Data records
*** Begin section ***
(* For any $h\in[1,k]$ and any $p\in\mathbb{N}$, the companion matrix $A=A(s)$ satisfies $$(-1)^{k-h}\frac{\partial A^p}{\partial s_h}=\frac{\partial A^p}{\partial s_k}A^{k-h}.$$
   Context: Fix an integer $k\ge 2$ and coordinates $s=(s_1,\dots,s_k)$ on $\mathbb{C}^k$. $A(s)$ is the $(k,k)$ companion matrix of $P_s(z)=\sum_{h=0}^k(-1)^hs_hz^{k-h}$ ($s_0=1$): its entries are $A_{i,i+1}=1$ for $i\in[1,k-1]$, its last row is $A_{k,j}=(-1)^{k-j}s_{k+1-j}$ for $j\in[1,k]$, and all other entries are $0$. *)

theory Defs
  imports "HOL-Analysis.Derivative" "Jordan_Normal_Form.Matrix"
begin

text \<open>The coordinate s_h (1 \<le> h \<le> k)
  is the value s h of a function s :: nat \<Rightarrow> complex; other values are irrelevant.
  Row i (0-based) with i < k-1 has a 1 in column i+1; the last row has entry
  (-1)^(k-1-j) * s (k-j) in column j (0-based), i.e. A_{k,j} = (-1)^(k-j) s_{k+1-j} 1-based.\<close>
definition companion :: "nat \<Rightarrow> (nat \<Rightarrow> complex) \<Rightarrow> complex mat" where
  "companion k s = mat k k (\<lambda>(i,j).
     if i + 1 < k \<and> j = i + 1 then 1
     else if i + 1 = k then (-1) ^ (k - 1 - j) * s (k - j)
     else 0)"

definition dpow :: "nat \<Rightarrow> nat \<Rightarrow> nat \<Rightarrow> (nat \<Rightarrow> complex) \<Rightarrow> complex mat" where
  "dpow k h p s = mat k k (\<lambda>(i,j).
     deriv (\<lambda>t. (companion k (s(h := t)) ^\<^sub>m p) $$ (i,j)) (s h))"

end

theory Submission
  imports Defs
begin

text \<open>The partial derivative of \<open>A(s)\<close> with respect to \<open>s\<^sub>h\<close> is the constant matrix
  \<open>E\<^sub>h = (-1)\<^sup>h\<^sup>-\<^sup>1 e\<^sub>k e\<^sub>k\<^sub>+\<^sub>1\<^sub>-\<^sub>h\<^sup>T\<close>, so the product rule gives
  \<open>\<partial>A\<^sup>p/\<partial>s\<^sub>h = \<Sum>\<^sub>i\<^sub><\<^sub>p A\<^sup>i E\<^sub>h A\<^sup>p\<^sup>-\<^sup>1\<^sup>-\<^sup>i\<close>.
  For \<open>j < k\<close> the \<open>j\<close>-th row of \<open>A\<close> is \<open>e\<^sub>j\<^sub>+\<^sub>1\<^sup>T\<close>, hence \<open>e\<^sub>1\<^sup>T A\<^sup>k\<^sup>-\<^sup>h = e\<^sub>k\<^sub>+\<^sub>1\<^sub>-\<^sub>h\<^sup>T\<close> and
  \<open>E\<^sub>k A\<^sup>k\<^sup>-\<^sup>h = (-1)\<^sup>k\<^sup>-\<^sup>h E\<^sub>h\<close>. As \<open>A\<^sup>k\<^sup>-\<^sup>h\<close> commutes with \<open>A\<close>, multiplying the sum for \<open>h = k\<close>
  on the right by \<open>A\<^sup>k\<^sup>-\<^sup>h\<close> turns it term by term into \<open>(-1)\<^sup>k\<^sup>-\<^sup>h\<close> times the sum for \<open>h\<close>.\<close>

definition single_entry_mat :: "nat \<Rightarrow> nat \<Rightarrow> nat \<Rightarrow> 'a::zero \<Rightarrow> 'a mat" where
  "single_entry_mat n a b c = mat n n (\<lambda>(i,j). if i = a \<and> j = b then c else 0)"

lemma single_entry_mat_carrier [simp]: "single_entry_mat n a b c \<in> carrier_mat n n"
  by (simp add: single_entry_mat_def)

lemma single_entry_mat_dim [simp]:
  "dim_row (single_entry_mat n a b c) = n" "dim_col (single_entry_mat n a b c) = n"
  by (simp_all add: single_entry_mat_def)

lemma single_entry_mat_index [simp]:
  "i < n \<Longrightarrow> j < n \<Longrightarrow> single_entry_mat n a b c $$ (i,j) = (if i = a \<and> j = b then c else 0)"
  by (simp add: single_entry_mat_def)

lemma single_entry_mat_smult:
  "single_entry_mat n a b (c * d) = c \<cdot>\<^sub>m single_entry_mat n a b (d :: 'a::semiring_0)"
  by (rule eq_matI) (auto simp: single_entry_mat_def)

lemma pow_mat_commute:
  assumes "A \<in> carrier_mat n n" "B \<in> carrier_mat n n" "A * B = B * A"
  shows "A ^\<^sub>m m * B = B * A ^\<^sub>m m"
proof (induction m)
  case 0
  show ?case using assms by simp
next
  case (Suc m)
  have "A ^\<^sub>m Suc m * B = A ^\<^sub>m m * (A * B)"
    using assms by (simp add: assoc_mult_mat[of _ n n _ n _ n])
  also have "\<dots> = (A ^\<^sub>m m * B) * A"
    using assms by (simp add: assoc_mult_mat[of _ n n _ n _ n])
  also have "\<dots> = B * A ^\<^sub>m Suc m"
    using assms by (simp add: Suc assoc_mult_mat[of _ n n _ n _ n])
  finally show ?case .
qed

text \<open>\<open>mat_pow_deriv A D p\<close> is the derivative of \<open>A\<^sup>p\<close> in a direction in which \<open>A\<close> has
  derivative \<open>D\<close>, obtained from the product rule for \<open>A\<^sup>p\<^sup>+\<^sup>1 = A\<^sup>p A\<close>.\<close>

fun mat_pow_deriv :: "'a::semiring_1 mat \<Rightarrow> 'a mat \<Rightarrow> nat \<Rightarrow> 'a mat" where
  "mat_pow_deriv A D 0 = 0\<^sub>m (dim_row A) (dim_col A)"
| "mat_pow_deriv A D (Suc p) = mat_pow_deriv A D p * A + A ^\<^sub>m p * D"

lemma mat_pow_deriv_carrier [simp]:
  "A \<in> carrier_mat n n \<Longrightarrow> D \<in> carrier_mat n n \<Longrightarrow> mat_pow_deriv A D p \<in> carrier_mat n n"
  by (induction p) auto

lemma pow_mat_index_has_field_derivative:
  fixes A :: "'a::real_normed_field \<Rightarrow> 'a mat"
  assumes carrier: "\<And>t. A t \<in> carrier_mat n n" and D: "D \<in> carrier_mat n n"
    and entry_deriv: "\<And>i j. i < n \<Longrightarrow> j < n \<Longrightarrow>
      ((\<lambda>t. A t $$ (i,j)) has_field_derivative D $$ (i,j)) (at x)"
    and "i < n" "j < n"
  shows "((\<lambda>t. (A t ^\<^sub>m p) $$ (i,j)) has_field_derivative mat_pow_deriv (A x) D p $$ (i,j)) (at x)"
  using \<open>i < n\<close> \<open>j < n\<close>
proof (induction p arbitrary: i j)
  case 0
  have "(A t ^\<^sub>m 0) $$ (i,j) = (if i = j then 1 else 0)" for t
    using 0 carrier[of t] by (simp add: carrier_matD)
  then show ?case
    using 0 carrier[of x] by (simp add: carrier_matD)
next
  case (Suc p)
  have pow_entry: "(A t ^\<^sub>m Suc p) $$ (i,j) = (\<Sum>l<n. (A t ^\<^sub>m p) $$ (i,l) * A t $$ (l,j))" for t
    using Suc.prems carrier[of t] by (simp add: scalar_prod_def atLeast0LessThan carrier_matD)
  have deriv_entry: "mat_pow_deriv (A x) D (Suc p) $$ (i,j) =
      (\<Sum>l<n. mat_pow_deriv (A x) D p $$ (i,l) * A x $$ (l,j) + (A x ^\<^sub>m p) $$ (i,l) * D $$ (l,j))"
    using Suc.prems carrier[of x] D carrier_matD[OF mat_pow_deriv_carrier[OF carrier[of x] D, of p]]
    by (simp add: scalar_prod_def sum.distrib atLeast0LessThan carrier_matD)
  show ?case
    unfolding pow_entry deriv_entry
  proof (rule DERIV_sum)
    fix l assume "l \<in> {..<n}"
    then have "((\<lambda>t. (A t ^\<^sub>m p) $$ (i,l) * A t $$ (l,j)) has_field_derivative
        mat_pow_deriv (A x) D p $$ (i,l) * A x $$ (l,j) + D $$ (l,j) * (A x ^\<^sub>m p) $$ (i,l)) (at x)"
      using Suc.prems by (intro DERIV_mult Suc.IH entry_deriv) auto
    then show "((\<lambda>t. (A t ^\<^sub>m p) $$ (i,l) * A t $$ (l,j)) has_field_derivative
        mat_pow_deriv (A x) D p $$ (i,l) * A x $$ (l,j) + (A x ^\<^sub>m p) $$ (i,l) * D $$ (l,j)) (at x)"
      by (simp only: mult.commute)
  qed
qed

lemma mat_pow_deriv_mult_commuting:
  fixes A :: "'a::comm_semiring_1 mat"
  assumes carrier: "A \<in> carrier_mat n n" "D \<in> carrier_mat n n" "D' \<in> carrier_mat n n"
      "B \<in> carrier_mat n n"
    and commute: "A * B = B * A" and scaled: "D' * B = c \<cdot>\<^sub>m D"
  shows "c \<cdot>\<^sub>m mat_pow_deriv A D p = mat_pow_deriv A D' p * B"
proof (induction p)
  case 0
  show ?case using carrier by simp
next
  case (Suc p)
  let ?X = "mat_pow_deriv A D p" and ?Y = "mat_pow_deriv A D' p"
  have X: "?X \<in> carrier_mat n n" and Y: "?Y \<in> carrier_mat n n"
    using carrier by simp_all
  have "c \<cdot>\<^sub>m mat_pow_deriv A D (Suc p) = c \<cdot>\<^sub>m (?X * A) + c \<cdot>\<^sub>m (A ^\<^sub>m p * D)"
    using carrier X by (simp add: add_smult_distrib_left_mat[of _ n n] mult_carrier_mat[of _ n n])
  also have "\<dots> = (c \<cdot>\<^sub>m ?X) * A + A ^\<^sub>m p * (c \<cdot>\<^sub>m D)"
    using carrier X by (simp add: mult_smult_assoc_mat[of _ n n] mult_smult_distrib[of _ n n])
  also have "\<dots> = ?Y * (B * A) + A ^\<^sub>m p * (D' * B)"
    using carrier Y by (simp add: Suc scaled assoc_mult_mat[of _ n n _ n _ n])
  also have "\<dots> = (?Y * A) * B + (A ^\<^sub>m p * D') * B"
    using carrier Y by (simp add: commute assoc_mult_mat[of _ n n _ n _ n])
  also have "\<dots> = (?Y * A + A ^\<^sub>m p * D') * B"
    using carrier Y by (simp add: add_mult_distrib_mat[of _ n n] mult_carrier_mat[of _ n n])
  finally show ?case by simp
qed

lemma companion_carrier [simp]: "companion k s \<in> carrier_mat k k"
  by (simp add: companion_def)

lemma companion_dim [simp]: "dim_row (companion k s) = k" "dim_col (companion k s) = k"
  by (simp_all add: companion_def)

lemma companion_index:
  "i < k \<Longrightarrow> j < k \<Longrightarrow> companion k s $$ (i,j) =
    (if i + 1 < k \<and> j = i + 1 then 1 else if i + 1 = k then (-1) ^ (k - 1 - j) * s (k - j) else 0)"
  by (simp add: companion_def)

definition companion_partial :: "nat \<Rightarrow> nat \<Rightarrow> complex mat" where
  "companion_partial k h = single_entry_mat k (k - 1) (k - h) ((-1) ^ (h - 1))"

lemma companion_partial_carrier [simp]: "companion_partial k h \<in> carrier_mat k k"
  by (simp add: companion_partial_def)

lemma companion_fun_upd:
  assumes "1 \<le> h" "h \<le> k"
  shows "companion k (s(h := t)) = companion k (s(h := 0)) + t \<cdot>\<^sub>m companion_partial k h"
proof (rule eq_matI)
  fix i j assume "i < dim_row (companion k (s(h := 0)) + t \<cdot>\<^sub>m companion_partial k h)"
    "j < dim_col (companion k (s(h := 0)) + t \<cdot>\<^sub>m companion_partial k h)"
  then have ij: "i < k" "j < k" by (simp_all add: companion_partial_def)
  consider "i + 1 < k" | "i + 1 = k" "j = k - h" | "i + 1 = k" "j \<noteq> k - h"
    using ij by linarith
  then show "companion k (s(h := t)) $$ (i,j) =
      (companion k (s(h := 0)) + t \<cdot>\<^sub>m companion_partial k h) $$ (i,j)"
  proof cases
    case 1
    then have "i \<noteq> k - 1" by linarith
    then show ?thesis using ij 1 by (simp add: companion_index companion_partial_def)
  next
    case 2
    then have "k - j = h" "k - 1 - j = h - 1" using assms by simp_all
    then show ?thesis using ij 2 by (simp add: companion_index companion_partial_def)
  next
    case 3
    then have "k - j \<noteq> h" using ij by simp
    then show ?thesis using ij 3 by (simp add: companion_index companion_partial_def)
  qed
qed (simp_all add: companion_def companion_partial_def)

lemma companion_index_has_field_derivative:
  assumes "1 \<le> h" "h \<le> k" "i < k" "j < k"
  shows "((\<lambda>t. companion k (s(h := t)) $$ (i,j)) has_field_derivative
    companion_partial k h $$ (i,j)) (at x)"
proof -
  have "(\<lambda>t. companion k (s(h := t)) $$ (i,j)) =
      (\<lambda>t. companion k (s(h := 0)) $$ (i,j) + t * companion_partial k h $$ (i,j))"
    using assms by (subst companion_fun_upd[OF assms(1,2)]) (simp_all add: companion_partial_def)
  then show ?thesis
    by (auto intro!: derivative_eq_intros)
qed

lemma dpow_eq_mat_pow_deriv:
  assumes "1 \<le> h" "h \<le> k"
  shows "dpow k h p s = mat_pow_deriv (companion k s) (companion_partial k h) p"
proof -
  have dims: "dim_row (mat_pow_deriv (companion k s) (companion_partial k h) p) = k"
    "dim_col (mat_pow_deriv (companion k s) (companion_partial k h) p) = k"
    using carrier_matD[OF mat_pow_deriv_carrier[OF companion_carrier companion_partial_carrier]]
    by simp_all
  have "dpow k h p s $$ (i,j) = mat_pow_deriv (companion k s) (companion_partial k h) p $$ (i,j)"
    if ij: "i < k" "j < k" for i j
  proof -
    have "((\<lambda>t. (companion k (s(h := t)) ^\<^sub>m p) $$ (i,j)) has_field_derivative
        mat_pow_deriv (companion k (s(h := s h))) (companion_partial k h) p $$ (i,j)) (at (s h))"
      by (rule pow_mat_index_has_field_derivative)
         (use ij assms companion_index_has_field_derivative in auto)
    then show ?thesis
      using ij by (simp add: dpow_def DERIV_imp_deriv)
  qed
  then show ?thesis
    by (intro eq_matI) (simp_all add: dims dpow_def)
qed

lemma single_entry_mat_mult_companion:
  assumes "m + 1 < k"
  shows "single_entry_mat k a m c * companion k s = single_entry_mat k a (m + 1) c"
proof (rule eq_matI)
  fix i j assume "i < dim_row (single_entry_mat k a (m + 1) c)"
    "j < dim_col (single_entry_mat k a (m + 1) c)"
  then have ij: "i < k" "j < k" by simp_all
  have "(single_entry_mat k a m c * companion k s) $$ (i,j) =
      (\<Sum>l<k. single_entry_mat k a m c $$ (i,l) * companion k s $$ (l,j))"
    using ij by (simp add: single_entry_mat_def scalar_prod_def atLeast0LessThan)
  also have "\<dots> = (\<Sum>l<k. if l = m then (if i = a then c else 0) * companion k s $$ (m,j) else 0)"
    using ij by (intro sum.cong) auto
  also have "\<dots> = single_entry_mat k a (m + 1) c $$ (i,j)"
    using assms ij by (simp add: companion_index)
  finally show "(single_entry_mat k a m c * companion k s) $$ (i,j) =
      single_entry_mat k a (m + 1) c $$ (i,j)" .
qed simp_all

lemma single_entry_mat_mult_companion_pow:
  "m < k \<Longrightarrow> single_entry_mat k a 0 c * companion k s ^\<^sub>m m = single_entry_mat k a m c"
proof (induction m)
  case 0
  show ?case by simp
next
  case (Suc m)
  have "single_entry_mat k a 0 c * companion k s ^\<^sub>m Suc m =
      (single_entry_mat k a 0 c * companion k s ^\<^sub>m m) * companion k s"
    by (simp add: assoc_mult_mat[of _ k k _ k _ k])
  then show ?case
    using Suc by (simp add: single_entry_mat_mult_companion)
qed

lemma companion_partial_mult_companion_pow:
  assumes "1 \<le> h" "h \<le> k"
  shows "companion_partial k k * companion k s ^\<^sub>m (k - h) = (-1) ^ (k - h) \<cdot>\<^sub>m companion_partial k h"
proof -
  have "companion_partial k k * companion k s ^\<^sub>m (k - h) =
      single_entry_mat k (k - 1) (k - h) ((-1) ^ (k - 1))"
    using assms by (simp add: companion_partial_def single_entry_mat_mult_companion_pow)
  also have "(-1 :: complex) ^ (k - 1) = (-1) ^ (k - h) * (-1) ^ (h - 1)"
    using assms by (simp flip: power_add)
  finally show ?thesis
    by (simp add: companion_partial_def single_entry_mat_smult)
qed

theorem mainTheorem6:
  fixes k h p :: nat and s :: "nat \<Rightarrow> complex"
  assumes "2 \<le> k" and "1 \<le> h" and "h \<le> k"
  shows "((-1) ^ (k - h)) \<cdot>\<^sub>m dpow k h p s = dpow k k p s * (companion k s ^\<^sub>m (k - h))"
proof -
  let ?A = "companion k s"
  have "((-1) ^ (k - h)) \<cdot>\<^sub>m mat_pow_deriv ?A (companion_partial k h) p =
      mat_pow_deriv ?A (companion_partial k k) p * ?A ^\<^sub>m (k - h)"
    by (rule mat_pow_deriv_mult_commuting[OF companion_carrier companion_partial_carrier
          companion_partial_carrier pow_carrier_mat[OF companion_carrier]
          pow_mat_commute[OF companion_carrier companion_carrier refl, symmetric]
          companion_partial_mult_companion_pow[OF assms(2,3)]])
  then show ?thesis
    using assms by (simp add: dpow_eq_mat_pow_deriv)
qed

end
*** End section ***
▶ **REQUIRED WORK**
Repeat only what lies between the first line of the data and the line containing "Context: Fix an", both of those lines included, exactly as it stands.

▶ **RESULT**
(* For any $h\in[1,k]$ and any $p\in\mathbb{N}$, the companion matrix $A=A(s)$ satisfies $$(-1)^{k-h}\frac{\partial A^p}{\partial s_h}=\frac{\partial A^p}{\partial s_k}A^{k-h}.$$
   Context: Fix an integer $k\ge 2$ and coordinates $s=(s_1,\dots,s_k)$ on $\mathbb{C}^k$. $A(s)$ is the $(k,k)$ companion matrix of $P_s(z)=\sum_{h=0}^k(-1)^hs_hz^{k-h}$ ($s_0=1$): its entries are $A_{i,i+1}=1$ for $i\in[1,k-1]$, its last row is $A_{k,j}=(-1)^{k-j}s_{k+1-j}$ for $j\in[1,k]$, and all other entries are $0$. *)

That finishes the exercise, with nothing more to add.